NIAAA Recruits Drinkers

NIAAA invites volunteers, 21-60 years of age, who drink more than 15-20 alcoholic beverages per week to participate in a study researching whether a medication reduces drinking. Research participation includes 4 outpatient visits that consist of alcohol self-administration, brain scans (MRI), blood draws and filling out questionnaires. Compensation may be provided. For more information, call (301) 827-0905. Refer to study 16-AA-0037.
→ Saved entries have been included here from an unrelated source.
lemma sum_prob_last_visit_le_1:
  shows "(\<Sum>k\<le>N. prob (E k) * prob {\<omega> \<in> space M. \<forall>j\<in>{0<..N - k}. \<omega> \<notin> E j}) \<le> 1"
proof -
  define F where "F k = {\<omega> \<in> E k. \<forall>j\<in>{k<..N}. \<omega> \<notin> E j}" for k
  have "disjoint_family_on F {..N}"
    unfolding disjoint_family_on_def
  proof (intro ballI impI)
    fix a b assume "a \<in> {..N}" "b \<in> {..N}" "a \<noteq> b"
    then consider "a < b" | "b < a"
      by linarith
    then show "F a \<inter> F b = {}"
      using \<open>a \<in> {..N}\<close> \<open>b \<in> {..N}\<close> by cases (auto simp: F_def)
  qed
  moreover have "F k \<in> events" for k
    unfolding F_def using events_E by (intro events_avoiding) auto
  ultimately have "(\<Sum>k\<le>N. prob (F k)) = prob (\<Union>k\<le>N. F k)"
    by (intro measure_finite_Union[symmetric]) auto
  also have "\<dots> \<le> 1"
    by (rule prob_le_1)
  also have "(\<Sum>k\<le>N. prob (F k))
      = (\<Sum>k\<le>N. prob (E k) * prob {\<omega> \<in> space M. \<forall>j\<in>{0<..N - k}. \<omega> \<notin> E j})"
  proof (rule sum.cong)
    fix k assume "k \<in> {..N}"
    then show "prob (F k) = prob (E k) * prob {\<omega> \<in> space M. \<forall>j\<in>{0<..N - k}. \<omega> \<notin> E j}"
      using renewal[of k "N - k"] by (simp add: F_def)
  qed simp
  finally show ?thesis .
qed

lemma prob_eq_0_if_le_prob_no_return:
  assumes diverge: "\<not> summable (\<lambda>n. prob (E n))"
    and le: "\<And>m. prob A \<le> prob {\<omega> \<in> space M. \<forall>j\<in>{0<..m}. \<omega> \<notin> E j}"
  shows "prob A = 0"
proof (rule ccontr)
  assume "prob A \<noteq> 0"
  then have "0 < prob A"
    using measure_nonneg[of M A] by (simp add: order_less_le)
  have "(\<Sum>k\<le>N. prob (E k)) \<le> 1 / prob A" for N
  proof -
    have "prob A * (\<Sum>k\<le>N. prob (E k)) = (\<Sum>k\<le>N. prob (E k) * prob A)"
      by (simp add: sum_distrib_left mult.commute)
    also have "\<dots> \<le> (\<Sum>k\<le>N. prob (E k) * prob {\<omega> \<in> space M. \<forall>j\<in>{0<..N - k}. \<omega> \<notin> E j})"
      using le by (intro sum_mono mult_left_mono) auto
    also have "\<dots> \<le> 1"
      by (rule sum_prob_last_visit_le_1)
    finally show ?thesis
      using \<open>0 < prob A\<close> by (simp add: field_simps)
  qed
  then have "summable (\<lambda>n. prob (E n))"
    by (intro bounded_imp_summable) auto
  then show False
    using diverge by blast
qed

theorem AE_infinitely_often:
  assumes diverge: "\<not> summable (\<lambda>n. prob (E n))"
  shows "AE \<omega> in M. infinite {n. \<omega> \<in> E n}"
proof -
  note null = prob_eq_0_if_le_prob_no_return[OF diverge]
  have AE_notin: "AE \<omega> in M. \<omega> \<notin> A" if "A \<in> events" "prob A = 0" for A
    using that by (intro AE_not_in) (simp add: null_sets_def emeasure_eq_measure)
  have no_return_events: "{\<omega> \<in> space M. \<forall>j\<in>{0<..m}. \<omega> \<notin> E j} \<in> events" for m
    using events_E by (intro events_avoiding) auto
  define never where "never = {\<omega> \<in> space M. \<forall>j\<in>{0<..}. \<omega> \<notin> E j}"
  define last where "last k = {\<omega> \<in> E k. \<forall>j\<in>{k<..}. \<omega> \<notin> E j}" for k
  have "never \<in> events" "last k \<in> events" for k
    unfolding never_def last_def using events_E by (auto intro!: events_avoiding)
  have "prob never = 0"
    using no_return_events by (intro null) (auto simp: never_def intro!: finite_measure_mono)
  have "prob (last k) = 0" for k
  proof (rule null)
    fix m
    have "prob (last k) \<le> prob {\<omega> \<in> E k. \<forall>j\<in>{k<..k+m}. \<omega> \<notin> E j}"
      using events_E by (intro finite_measure_mono events_avoiding) (auto simp: last_def)
    also have "\<dots> \<le> prob {\<omega> \<in> space M. \<forall>j\<in>{0<..m}. \<omega> \<notin> E j}"
      unfolding renewal using prob_le_1 by (simp add: mult_left_le_one_le)
    finally show "prob (last k) \<le> prob {\<omega> \<in> space M. \<forall>j\<in>{0<..m}. \<omega> \<notin> E j}" .
  qed
  then have "AE \<omega> in M. \<forall>k. \<omega> \<notin> last k"
    using \<open>\<And>k. last k \<in> events\<close> by (simp add: AE_all_countable AE_notin)
  moreover have "AE \<omega> in M. \<omega> \<notin> never"
    using \<open>never \<in> events\<close> \<open>prob never = 0\<close> by (rule AE_notin)
  ultimately show ?thesis
    using AE_space
  proof eventually_elim
    case (elim \<omega>)
    show "infinite {n. \<omega> \<in> E n}"
    proof
      assume fin: "finite {n. \<omega> \<in> E n}"
      have "{n. \<omega> \<in> E n} \<noteq> {}"
        using elim by (auto simp: never_def)
      then have "\<omega> \<in> last (Max {n. \<omega> \<in> E n})"
        using Max_in[OF fin] Max_ge[OF fin] by (auto simp: last_def not_le[symmetric])
      then show False
        using elim by blast
    qed
  qed
qed

end

lemma (in prob_space) expectation_square_sum_indep:
  fixes U :: "'i \<Rightarrow> 'a \<Rightarrow> real"
  assumes "finite J"
    and measurable: "\<And>j. j \<in> J \<Longrightarrow> random_variable borel (U j)"
    and square_integrable: "\<And>j. j \<in> J \<Longrightarrow> integrable M (\<lambda>\<omega>. U j \<omega> ^ 2)"
    and centred: "\<And>j. j \<in> J \<Longrightarrow> expectation (U j) = 0"
    and indep: "\<And>i j. i \<in> J \<Longrightarrow> j \<in> J \<Longrightarrow> i \<noteq> j \<Longrightarrow> indep_var borel (U i) borel (U j)"
  shows "integrable M (\<lambda>\<omega>. (\<Sum>j\<in>J. U j \<omega>)\<^sup>2)"
    and "expectation (\<lambda>\<omega>. (\<Sum>j\<in>J. U j \<omega>)\<^sup>2) = (\<Sum>j\<in>J. expectation (\<lambda>\<omega>. U j \<omega> ^ 2))"
proof -
  have integrable: "integrable M (U j)" if "j \<in> J" for j
    using square_integrable_imp_integrable measurable square_integrable that by blast
  have products: "integrable M (\<lambda>\<omega>. U i \<omega> * U j \<omega>) \<and>
      expectation (\<lambda>\<omega>. U i \<omega> * U j \<omega>) = (if i = j then expectation (\<lambda>\<omega>. U j \<omega> ^ 2) else 0)"
    if "i \<in> J" "j \<in> J" for i j
  proof (cases "i = j")
    case True
    then show ?thesis
      using square_integrable that by (simp add: power2_eq_square)
  next
    case False
    then have "indep_var borel (U i) borel (U j)"
      using indep that by blast
    note indep_var_integrable[OF this integrable integrable] indep_var_lebesgue_integral[OF this integrable integrable]
    then show ?thesis
      using that centred False by simp
  qed
  have square_sum: "(\<Sum>j\<in>J. U j \<omega>)\<^sup>2 = (\<Sum>i\<in>J. \<Sum>j\<in>J. U i \<omega> * U j \<omega>)" for \<omega>
    by (simp add: power2_eq_square sum_product)
  show "integrable M (\<lambda>\<omega>. (\<Sum>j\<in>J. U j \<omega>)\<^sup>2)"
    unfolding square_sum by (intro Bochner_Integration.integrable_sum) (simp add: products)
  have "expectation (\<lambda>\<omega>. (\<Sum>j\<in>J. U j \<omega>)\<^sup>2)
      = (\<Sum>i\<in>J. \<Sum>j\<in>J. expectation (\<lambda>\<omega>. U i \<omega> * U j \<omega>))"
    unfolding square_sum by (simp add: Bochner_Integration.integral_sum products)
  also have "\<dots> = (\<Sum>j\<in>J. expectation (\<lambda>\<omega>. U j \<omega> ^ 2))"
    using \<open>finite J\<close> by (simp add: products)
  finally show "expectation (\<lambda>\<omega>. (\<Sum>j\<in>J. U j \<omega>)\<^sup>2) = (\<Sum>j\<in>J. expectation (\<lambda>\<omega>. U j \<omega> ^ 2))" .
qed

lemma (in prob_space) prob_eq_point_square:
  fixes A B :: "'a \<Rightarrow> 'b::countable"
  assumes indep: "indep_var (count_space UNIV) A (count_space UNIV) B"
    and same_law: "distr M (count_space UNIV) A = distr M (count_space UNIV) B"
  shows "prob {\<omega> \<in> space M. A \<omega> = z \<and> B \<omega> = z} = (prob {\<omega> \<in> space M. A \<omega> = z})\<^sup>2"
proof -
  have A: "random_variable (count_space UNIV) A" and B: "random_variable (count_space UNIV) B"
    using indep by (auto dest: indep_var_rv1 indep_var_rv2)
  have "prob (A -` {z} \<inter> space M) = prob (B -` {z} \<inter> space M)"
    using measure_distr[OF A, of "{z}"] measure_distr[OF B, of "{z}"] same_law by simp
  moreover have "prob {\<omega> \<in> space M. A \<omega> \<in> {z} \<and> B \<omega> \<in> {z}}
      = prob {\<omega> \<in> space M. A \<omega> \<in> {z}} * prob {\<omega> \<in> space M. B \<omega> \<in> {z}}"
    by (rule prob_indep_random_variable[OF indep]) auto
  ultimately show ?thesis
    by (simp add: vimage_def Int_def conj_commute power2_eq_square)
qed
Youngsters with Chromosome Variation Needed

The NIH Behavior and Brain Imaging Research Study is currently enrolling children and young adults (5-25 years old) with an XYY chromosome variation. Participation includes an initial 2-day outpatient visit and a visit every 2 years to the Clinical Center. Compensation, transportation, lodging and meal allowance provided. For more information, contact Jonathan Blumenthal at jb364e@nih.gov or (301) 435-4516.

Imaging Study Needs Males

NIMH is currently seeking healthy male volunteers, 5-25 years old, to participate in a study: Brain Imaging of Childhood Onset Psychiatric Disorders, Endocrine Disorders and Healthy Volunteers. There is one initial outpatient visit to the Clinical Center for a physical, blood work, cognitive testing and MRI scan of the brain and return visits every 2 years. Compensation is provided. For more information, contact Jonathan Blumenthal at jb364e@nih.gov or (301) 435-4516.

Study Seeks Healthy Adults

Healthy older adults ages 55-75 are invited to participate in an outpatient research study investigating the benefits of omega-3 oil and blackcurrant supplements on vascular health. The goal of the study is to determine whether the supplements improve blood flow and blood vessel function that can affect your heart. Eligible participants must be medication-free and in good general health. The study will be carried out in an outpatient clinic and includes 4 visits over 6 months. Compensation is provided. For more information, call 1-800-411-1222 (TTY 1-866-411-1010) and refer to study 14-NR-0034.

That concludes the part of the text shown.